- [Task description]
Print all of the records below again without a single difference.

- [Source material]
lemma picard_iterate_step_le:
  assumes "t \<ge> 0"
  shows "(\<Sum>w\<in>UNIV. \<bar>picard_iterate f (Suc n) t w - picard_iterate f n t w\<bar>)
    \<le> (\<Sum>w\<in>UNIV. \<bar>Q f w\<bar>) * (real CARD('x) * rate_bound) ^ n * t ^ Suc n / fact (Suc n)"
  using assms
proof (induction n arbitrary: t)
  case 0
  then show ?case by (simp add: abs_mult sum_distrib_left mult.commute)
next
  case (Suc n)
  let ?M = "(\<Sum>w\<in>UNIV. \<bar>Q f w\<bar>) * (real CARD('x) * rate_bound) ^ n"
  let ?B = "\<lambda>s. rate_bound * ?M * s ^ Suc n / fact (Suc n)"
  have "\<bar>picard_iterate f (Suc (Suc n)) t w - picard_iterate f (Suc n) t w\<bar>
      \<le> rate_bound * ?M * t ^ Suc (Suc n) / fact (Suc (Suc n))" for w
  proof -
    have "norm (integral {0..t} (\<lambda>s. Q (picard_iterate f (Suc n) s) w - Q (picard_iterate f n s) w))
        \<le> integral {0..t} ?B"
    proof (rule integral_norm_bound_integral)
      show "(\<lambda>s. Q (picard_iterate f (Suc n) s) w - Q (picard_iterate f n s) w) integrable_on {0..t}"
        by (intro integrable_diff integrable_Q_picard_iterate)
      show "?B integrable_on {0..t}"
        by (intro integrable_continuous_real continuous_intros) auto
    next
      fix s assume s: "s \<in> {0..t}"
      have "\<bar>Q (picard_iterate f (Suc n) s) w - Q (picard_iterate f n s) w\<bar>
          \<le> rate_bound * (\<Sum>v\<in>UNIV. \<bar>picard_iterate f (Suc n) s v - picard_iterate f n s v\<bar>)"
        by (rule Q_lipschitz)
      also have "\<dots> \<le> rate_bound * (?M * s ^ Suc n / fact (Suc n))"
        using Suc.IH[of s] s rate_bound_nonneg by (intro mult_left_mono) auto
      finally show "norm (Q (picard_iterate f (Suc n) s) w - Q (picard_iterate f n s) w) \<le> ?B s"
        by simp
    qed
    then have "\<bar>picard_iterate f (Suc (Suc n)) t w - picard_iterate f (Suc n) t w\<bar> \<le> integral {0..t} ?B"
      by (simp only: picard_iterate_Suc_diff real_norm_def)
    also have "\<dots> = rate_bound * ?M / fact (Suc n) * t ^ Suc (Suc n) / Suc (Suc n)"
      using integral_cmult_power[OF Suc.prems, of "rate_bound * ?M / fact (Suc n)" "Suc n"] by simp
    also have "\<dots> = rate_bound * ?M * t ^ Suc (Suc n) / fact (Suc (Suc n))"
      by (simp add: field_simps del: of_nat_Suc)
    finally show ?thesis .
  qed
  then have "(\<Sum>w\<in>UNIV. \<bar>picard_iterate f (Suc (Suc n)) t w - picard_iterate f (Suc n) t w\<bar>)
      \<le> (\<Sum>w\<in>(UNIV::'x set). rate_bound * ?M * t ^ Suc (Suc n) / fact (Suc (Suc n)))"
    by (rule sum_mono)
  then show ?case by (simp add: algebra_simps)
qed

- [Exercise response]
lemma picard_iterate_step_le:
  assumes "t \<ge> 0"
  shows "(\<Sum>w\<in>UNIV. \<bar>picard_iterate f (Suc n) t w - picard_iterate f n t w\<bar>)
    \<le> (\<Sum>w\<in>UNIV. \<bar>Q f w\<bar>) * (real CARD('x) * rate_bound) ^ n * t ^ Suc n / fact (Suc n)"
  using assms
proof (induction n arbitrary: t)
  case 0
  then show ?case by (simp add: abs_mult sum_distrib_left mult.commute)
next
  case (Suc n)
  let ?M = "(\<Sum>w\<in>UNIV. \<bar>Q f w\<bar>) * (real CARD('x) * rate_bound) ^ n"
  let ?B = "\<lambda>s. rate_bound * ?M * s ^ Suc n / fact (Suc n)"
  have "\<bar>picard_iterate f (Suc (Suc n)) t w - picard_iterate f (Suc n) t w\<bar>
      \<le> rate_bound * ?M * t ^ Suc (Suc n) / fact (Suc (Suc n))" for w
  proof -
    have "norm (integral {0..t} (\<lambda>s. Q (picard_iterate f (Suc n) s) w - Q (picard_iterate f n s) w))
        \<le> integral {0..t} ?B"
    proof (rule integral_norm_bound_integral)
      show "(\<lambda>s. Q (picard_iterate f (Suc n) s) w - Q (picard_iterate f n s) w) integrable_on {0..t}"
        by (intro integrable_diff integrable_Q_picard_iterate)
      show "?B integrable_on {0..t}"
        by (intro integrable_continuous_real continuous_intros) auto
    next
      fix s assume s: "s \<in> {0..t}"
      have "\<bar>Q (picard_iterate f (Suc n) s) w - Q (picard_iterate f n s) w\<bar>
          \<le> rate_bound * (\<Sum>v\<in>UNIV. \<bar>picard_iterate f (Suc n) s v - picard_iterate f n s v\<bar>)"
        by (rule Q_lipschitz)
      also have "\<dots> \<le> rate_bound * (?M * s ^ Suc n / fact (Suc n))"
        using Suc.IH[of s] s rate_bound_nonneg by (intro mult_left_mono) auto
      finally show "norm (Q (picard_iterate f (Suc n) s) w - Q (picard_iterate f n s) w) \<le> ?B s"
        by simp
    qed
    then have "\<bar>picard_iterate f (Suc (Suc n)) t w - picard_iterate f (Suc n) t w\<bar> \<le> integral {0..t} ?B"
      by (simp only: picard_iterate_Suc_diff real_norm_def)
    also have "\<dots> = rate_bound * ?M / fact (Suc n) * t ^ Suc (Suc n) / Suc (Suc n)"
      using integral_cmult_power[OF Suc.prems, of "rate_bound * ?M / fact (Suc n)" "Suc n"] by simp
    also have "\<dots> = rate_bound * ?M * t ^ Suc (Suc n) / fact (Suc (Suc n))"
      by (simp add: field_simps del: of_nat_Suc)
    finally show ?thesis .
  qed
  then have "(\<Sum>w\<in>UNIV. \<bar>picard_iterate f (Suc (Suc n)) t w - picard_iterate f (Suc n) t w\<bar>)
      \<le> (\<Sum>w\<in>(UNIV::'x set). rate_bound * ?M * t ^ Suc (Suc n) / fact (Suc (Suc n)))"
    by (rule sum_mono)
  then show ?case by (simp add: algebra_simps)
qed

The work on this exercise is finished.